- _What is expected_
Reproduce nothing but the lines from the one with "text \<open>Main scalar" down to the last line of the data below.

** Entries shown follows **

(* Let $(M,F)$ be a conic pseudo-Riemannian surface and $\overline F=e^\phi F$ an anisotropic conformal change such that $\phi_{;2}$ is horizontally constant. Then $\overline F$ is Landsberg if and only if either $\overline F$ satisfies the $T$-condition ($\overline{\mathcal I}_{;2}=0$) or $\phi_{;2}\phi_{,1}=\phi_{,2}$.
   Context: Throughout, $M$ is a smooth $2$-dimensional manifold, $TM_0$ its slit tangent bundle with induced local coordinates $(x^i,y^i)$, $\partial_i=\partial/\partial x^i$, $\dot\partial_i=\partial/\partial y^i$. A function is called $h(r)$ if it is positively homogeneous of degree $r$ in $y$. A conic pseudo-Finsler surface $(M,F)$ consists of a conic subbundle $\mathcal A\subset TM_0$ (an open set invariant under $y\mapsto\lambda y$, $\lambda>0$, projecting onto $M$) and a smooth $h(1)$ function $F:\mathcal A\to\mathbb R$ such that $g_{ij}=\frac12\dot\partial_i\dot\partial_jF^2$ is nondegenerate. Put $\ell_i=\dot\partial_iF$, $\ell^i=y^i/F$. Modified Berwald frame: $\varepsilon\in\{1,-1\}$ and a covector $m_i$ satisfy $g_{ij}=\ell_i\ell_j+\varepsilon m_im_j$, $m^i=g^{ij}m_j$, so $\ell^i\ell_i=1$, $\ell^im_i=0$, $m^im_i=\varepsilon$. The main scalar $\mathcal I$ ($h(0)$) is defined by $FC_{ijk}=\mathcal I\,m_im_jm_k$, where $C_{ijk}=\frac14\dot\partial_i\dot\partial_j\dot\partial_kF^2$. The geodesic spray of $F$ is $S=y^i\partial_i-2G^i\dot\partial_i$; $G^i_j=\dot\partial_jG^i$, $\delta_i=\partial_i-G^j_i\dot\partial_j$. For a smooth function $f$: $f_{;1}=y^i\dot\partial_if$, $f_{;2}=\varepsilon Fm^i\dot\partial_if$, $f_{,1}=\ell^i\delta_if$, $f_{,2}=\varepsilon m^i\delta_if$; iterated derivatives are read left to right. $f$ is horizontally constant if $\delta_if=0$ (i.e. $f_{,1}=f_{,2}=0$). $F$ is (conic pseudo-)Riemannian if $F^2$ is quadratic in $y$, equivalently $\mathcal I\equiv0$. Anisotropic conformal change: $\phi$ is a smooth $h(0)$ function on $\mathcal A$ with $F^2(\dot\partial_i\dot\partial_j\phi+\dot\partial_i\phi\,\dot\partial_j\phi)m^im^j+\varepsilon\ne0$, and $\overline F=e^{\phi}F$. Set $\sigma=\phi_{;2;2}+\varepsilon\mathcal I\phi_{;2}+2(\phi_{;2})^2$, $\rho=1/(\sigma+\varepsilon-(\phi_{;2})^2)$ (with $\varepsilon\rho>0$), $2Q=\varepsilon\rho F^2(\phi_{;2}\phi_{,1}+\phi_{,1;2}-2\phi_{,2})$, $2P=-\rho F^2\phi_{;2}(\phi_{;2}\phi_{,1}+\phi_{,1;2}-2\phi_{,2})+F^2\phi_{,1}$. The spray coefficients of $\overline F$ are $\overline G^i=G^i+Qm^i+P\ell^i$, $\overline S=y^i\partial_i-2\overline G^i\dot\partial_i$, and the main scalar of $\overline F$ is $\overline{\mathcal I}=\sqrt{\varepsilon\rho}[\mathcal I+2\varepsilon\phi_{;2}-\frac\varepsilon2(\ln\rho)_{;2}]$; $\overline{\mathcal I}_{;2}$ is taken with respect to $F$. $\overline F$ is Landsberg iff $\overline S(\overline{\mathcal I})=0$; satisfies the $T$-condition iff $\overline{\mathcal I}_{;2}=0$. *)

theory Defs
  imports "HOL-Analysis.Analysis"
begin

text \<open>A point of the slit tangent bundle over a coordinate
chart of the surface M is a pair (x,y) with x, y in R^2 (induced coordinates
(x^i,y^i)).\<close>

type_synonym pt = "(real^2) \<times> (real^2)"

definition pdx :: "2 \<Rightarrow> (pt \<Rightarrow> real) \<Rightarrow> pt \<Rightarrow> real" where
  "pdx i f p = deriv (\<lambda>t. f (p + (t *\<^sub>R axis i 1, 0))) 0"

definition pdy :: "2 \<Rightarrow> (pt \<Rightarrow> real) \<Rightarrow> pt \<Rightarrow> real" where
  "pdy i f p = deriv (\<lambda>t. f (p + (0, t *\<^sub>R axis i 1))) 0"

fun iterd :: "(bool \<times> 2) list \<Rightarrow> (pt \<Rightarrow> real) \<Rightarrow> pt \<Rightarrow> real" where
  "iterd [] f = f"
| "iterd ((b,i) # os) f = (if b then pdy i else pdx i) (iterd os f)"

definition fsmooth_on :: "pt set \<Rightarrow> (pt \<Rightarrow> real) \<Rightarrow> bool" where
  "fsmooth_on A f \<longleftrightarrow> (\<forall>os. iterd os f differentiable_on A)"

definition conic_set :: "pt set \<Rightarrow> bool" where
  "conic_set A \<longleftrightarrow> open A \<and> A \<noteq> {} \<and> (\<forall>p\<in>A. snd p \<noteq> 0) \<and>
     (\<forall>x y (c::real). (x,y) \<in> A \<longrightarrow> c > 0 \<longrightarrow> (x, c *\<^sub>R y) \<in> A)"

definition homog :: "real \<Rightarrow> pt set \<Rightarrow> (pt \<Rightarrow> real) \<Rightarrow> bool" where
  "homog r A f \<longleftrightarrow> (\<forall>x y (c::real). (x,y) \<in> A \<longrightarrow> c > 0 \<longrightarrow>
       f (x, c *\<^sub>R y) = c powr r * f (x,y))"

definition Fsq :: "(pt \<Rightarrow> real) \<Rightarrow> pt \<Rightarrow> real" where
  "Fsq F = (\<lambda>q. (F q)\<^sup>2)"

definition gmet :: "(pt \<Rightarrow> real) \<Rightarrow> 2 \<Rightarrow> 2 \<Rightarrow> pt \<Rightarrow> real" where
  "gmet F i j p = 1/2 * pdy i (pdy j (Fsq F)) p"

definition gmat :: "(pt \<Rightarrow> real) \<Rightarrow> pt \<Rightarrow> real^2^2" where
  "gmat F p = (\<chi> i j. gmet F i j p)"

definition ginv :: "(pt \<Rightarrow> real) \<Rightarrow> 2 \<Rightarrow> 2 \<Rightarrow> pt \<Rightarrow> real" where
  "ginv F i j p = matrix_inv (gmat F p) $ i $ j"

definition ell_lo :: "(pt \<Rightarrow> real) \<Rightarrow> 2 \<Rightarrow> pt \<Rightarrow> real" where
  "ell_lo F i p = pdy i F p"

definition ell_up :: "(pt \<Rightarrow> real) \<Rightarrow> 2 \<Rightarrow> pt \<Rightarrow> real" where
  "ell_up F i p = snd p $ i / F p"

definition m_up :: "(pt \<Rightarrow> real) \<Rightarrow> (2 \<Rightarrow> pt \<Rightarrow> real) \<Rightarrow> 2 \<Rightarrow> pt \<Rightarrow> real" where
  "m_up F m i p = (\<Sum>j\<in>UNIV. ginv F i j p * m j p)"

definition cartan :: "(pt \<Rightarrow> real) \<Rightarrow> 2 \<Rightarrow> 2 \<Rightarrow> 2 \<Rightarrow> pt \<Rightarrow> real" where
  "cartan F i j k p = 1/4 * pdy i (pdy j (pdy k (Fsq F))) p"

definition main_scalar :: "(pt \<Rightarrow> real) \<Rightarrow> (2 \<Rightarrow> pt \<Rightarrow> real) \<Rightarrow> pt \<Rightarrow> real" where
  "main_scalar F m p = (THE c. \<forall>i j k. F p * cartan F i j k p = c * m i p * m j p * m k p)"

definition spray :: "(pt \<Rightarrow> real) \<Rightarrow> 2 \<Rightarrow> pt \<Rightarrow> real" where
  "spray F i p = 1/4 * (\<Sum>l\<in>UNIV. ginv F i l p *
      ((\<Sum>k\<in>UNIV. snd p $ k * pdx k (pdy l (Fsq F)) p) - pdx l (Fsq F) p))"

definition nlconn :: "(pt \<Rightarrow> real) \<Rightarrow> 2 \<Rightarrow> 2 \<Rightarrow> pt \<Rightarrow> real" where
  "nlconn F j i p = pdy i (spray F j) p"

definition hdelta :: "(pt \<Rightarrow> real) \<Rightarrow> 2 \<Rightarrow> (pt \<Rightarrow> real) \<Rightarrow> pt \<Rightarrow> real" where
  "hdelta F i f p = pdx i f p - (\<Sum>j\<in>UNIV. nlconn F j i p * pdy j f p)"

text \<open>Berwald-frame derivatives f_{;1}, f_{;2}, f_{,1}, f_{,2}.\<close>
definition vd1 :: "(pt \<Rightarrow> real) \<Rightarrow> pt \<Rightarrow> real" where
  "vd1 f p = (\<Sum>i\<in>UNIV. snd p $ i * pdy i f p)"

definition vd2 :: "(pt \<Rightarrow> real) \<Rightarrow> real \<Rightarrow> (2 \<Rightarrow> pt \<Rightarrow> real) \<Rightarrow> (pt \<Rightarrow> real) \<Rightarrow> pt \<Rightarrow> real" where
  "vd2 F eps m f p = eps * F p * (\<Sum>i\<in>UNIV. m_up F m i p * pdy i f p)"

definition hd1 :: "(pt \<Rightarrow> real) \<Rightarrow> (pt \<Rightarrow> real) \<Rightarrow> pt \<Rightarrow> real" where
  "hd1 F f p = (\<Sum>i\<in>UNIV. ell_up F i p * hdelta F i f p)"

definition hd2 :: "(pt \<Rightarrow> real) \<Rightarrow> real \<Rightarrow> (2 \<Rightarrow> pt \<Rightarrow> real) \<Rightarrow> (pt \<Rightarrow> real) \<Rightarrow> pt \<Rightarrow> real" where
  "hd2 F eps m f p = eps * (\<Sum>i\<in>UNIV. m_up F m i p * hdelta F i f p)"

definition berwald_frame :: "pt set \<Rightarrow> (pt \<Rightarrow> real) \<Rightarrow> real \<Rightarrow> (2 \<Rightarrow> pt \<Rightarrow> real) \<Rightarrow> bool" where
  "berwald_frame A F eps m \<longleftrightarrow> (eps = 1 \<or> eps = -1) \<and> (\<forall>i. fsmooth_on A (m i)) \<and>
     (\<forall>p\<in>A. \<forall>i j. gmet F i j p = ell_lo F i p * ell_lo F j p + eps * m i p * m j p)"

definition pseudo_finsler :: "pt set \<Rightarrow> (pt \<Rightarrow> real) \<Rightarrow> bool" where
  "pseudo_finsler A F \<longleftrightarrow> conic_set A \<and> fsmooth_on A F \<and> homog 1 A F \<and>
     (\<forall>p\<in>A. F p \<noteq> 0) \<and> (\<forall>p\<in>A. det (gmat F p) \<noteq> 0)"

definition pseudo_riemannian :: "pt set \<Rightarrow> (pt \<Rightarrow> real) \<Rightarrow> bool" where
  "pseudo_riemannian A F \<longleftrightarrow> pseudo_finsler A F \<and>
     (\<exists>a :: real^2 \<Rightarrow> real^2^2. \<forall>x y. (x,y) \<in> A \<longrightarrow>
        (F (x,y))\<^sup>2 = (\<Sum>i\<in>UNIV. \<Sum>j\<in>UNIV. a x $ i $ j * y $ i * y $ j))"

text \<open>Quantities of the anisotropic conformal change Fbar = e^phi F.\<close>
definition cc_sigma where
  "cc_sigma F eps m phi p = vd2 F eps m (vd2 F eps m phi) p
     + eps * main_scalar F m p * vd2 F eps m phi p + 2 * (vd2 F eps m phi p)\<^sup>2"

definition cc_rho where
  "cc_rho F eps m phi p = 1 / (cc_sigma F eps m phi p + eps - (vd2 F eps m phi p)\<^sup>2)"

definition cc_Q where
  "cc_Q F eps m phi p = 1/2 * (eps * cc_rho F eps m phi p * (F p)\<^sup>2 *
     (vd2 F eps m phi p * hd1 F phi p + vd2 F eps m (hd1 F phi) p - 2 * hd2 F eps m phi p))"

definition cc_P where
  "cc_P F eps m phi p = 1/2 * (- cc_rho F eps m phi p * (F p)\<^sup>2 * vd2 F eps m phi p *
     (vd2 F eps m phi p * hd1 F phi p + vd2 F eps m (hd1 F phi) p - 2 * hd2 F eps m phi p)
     + (F p)\<^sup>2 * hd1 F phi p)"

definition cc_spray where
  "cc_spray F eps m phi i p = spray F i p + cc_Q F eps m phi p * m_up F m i p
     + cc_P F eps m phi p * ell_up F i p"

definition cc_S where
  "cc_S F eps m phi f p = (\<Sum>i\<in>UNIV. snd p $ i * pdx i f p)
     - 2 * (\<Sum>i\<in>UNIV. cc_spray F eps m phi i p * pdy i f p)"

text \<open>Main scalar of Fbar; (ln rho)_{;2} is read as (ln |rho|)_{;2} = rho_{;2}/rho.\<close>
definition cc_Ibar where
  "cc_Ibar F eps m phi p = sqrt (eps * cc_rho F eps m phi p) *
     (main_scalar F m p + 2 * eps * vd2 F eps m phi p
      - eps / 2 * vd2 F eps m (\<lambda>q. ln \<bar>cc_rho F eps m phi q\<bar>) p)"

definition conf_factor where
  "conf_factor A F eps m phi \<longleftrightarrow> fsmooth_on A phi \<and> homog 0 A phi \<and>
     (\<forall>p\<in>A. (F p)\<^sup>2 * (\<Sum>i\<in>UNIV. \<Sum>j\<in>UNIV.
        (pdy i (pdy j phi) p + pdy i phi p * pdy j phi p) * m_up F m i p * m_up F m j p) + eps \<noteq> 0) \<and>
     (\<forall>p\<in>A. eps * cc_rho F eps m phi p > 0)"

definition horiz_const :: "pt set \<Rightarrow> (pt \<Rightarrow> real) \<Rightarrow> (pt \<Rightarrow> real) \<Rightarrow> bool" where
  "horiz_const A F f \<longleftrightarrow> (\<forall>p\<in>A. \<forall>i. hdelta F i f p = 0)"

definition landsberg_cc where
  "landsberg_cc A F eps m phi \<longleftrightarrow> (\<forall>p\<in>A. cc_S F eps m phi (cc_Ibar F eps m phi) p = 0)"

end

theory Submission
  imports Defs
begin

** End of Entries shown **

- _Answer area_
text \<open>Main scalar of Fbar; (ln rho)_{;2} is read as (ln |rho|)_{;2} = rho_{;2}/rho.\<close>
definition cc_Ibar where
  "cc_Ibar F eps m phi p = sqrt (eps * cc_rho F eps m phi p) *
     (main_scalar F m p + 2 * eps * vd2 F eps m phi p
      - eps / 2 * vd2 F eps m (\<lambda>q. ln \<bar>cc_rho F eps m phi q\<bar>) p)"

definition conf_factor where
  "conf_factor A F eps m phi \<longleftrightarrow> fsmooth_on A phi \<and> homog 0 A phi \<and>
     (\<forall>p\<in>A. (F p)\<^sup>2 * (\<Sum>i\<in>UNIV. \<Sum>j\<in>UNIV.
        (pdy i (pdy j phi) p + pdy i phi p * pdy j phi p) * m_up F m i p * m_up F m j p) + eps \<noteq> 0) \<and>
     (\<forall>p\<in>A. eps * cc_rho F eps m phi p > 0)"

definition horiz_const :: "pt set \<Rightarrow> (pt \<Rightarrow> real) \<Rightarrow> (pt \<Rightarrow> real) \<Rightarrow> bool" where
  "horiz_const A F f \<longleftrightarrow> (\<forall>p\<in>A. \<forall>i. hdelta F i f p = 0)"

definition landsberg_cc where
  "landsberg_cc A F eps m phi \<longleftrightarrow> (\<forall>p\<in>A. cc_S F eps m phi (cc_Ibar F eps m phi) p = 0)"

end

theory Submission
  imports Defs
begin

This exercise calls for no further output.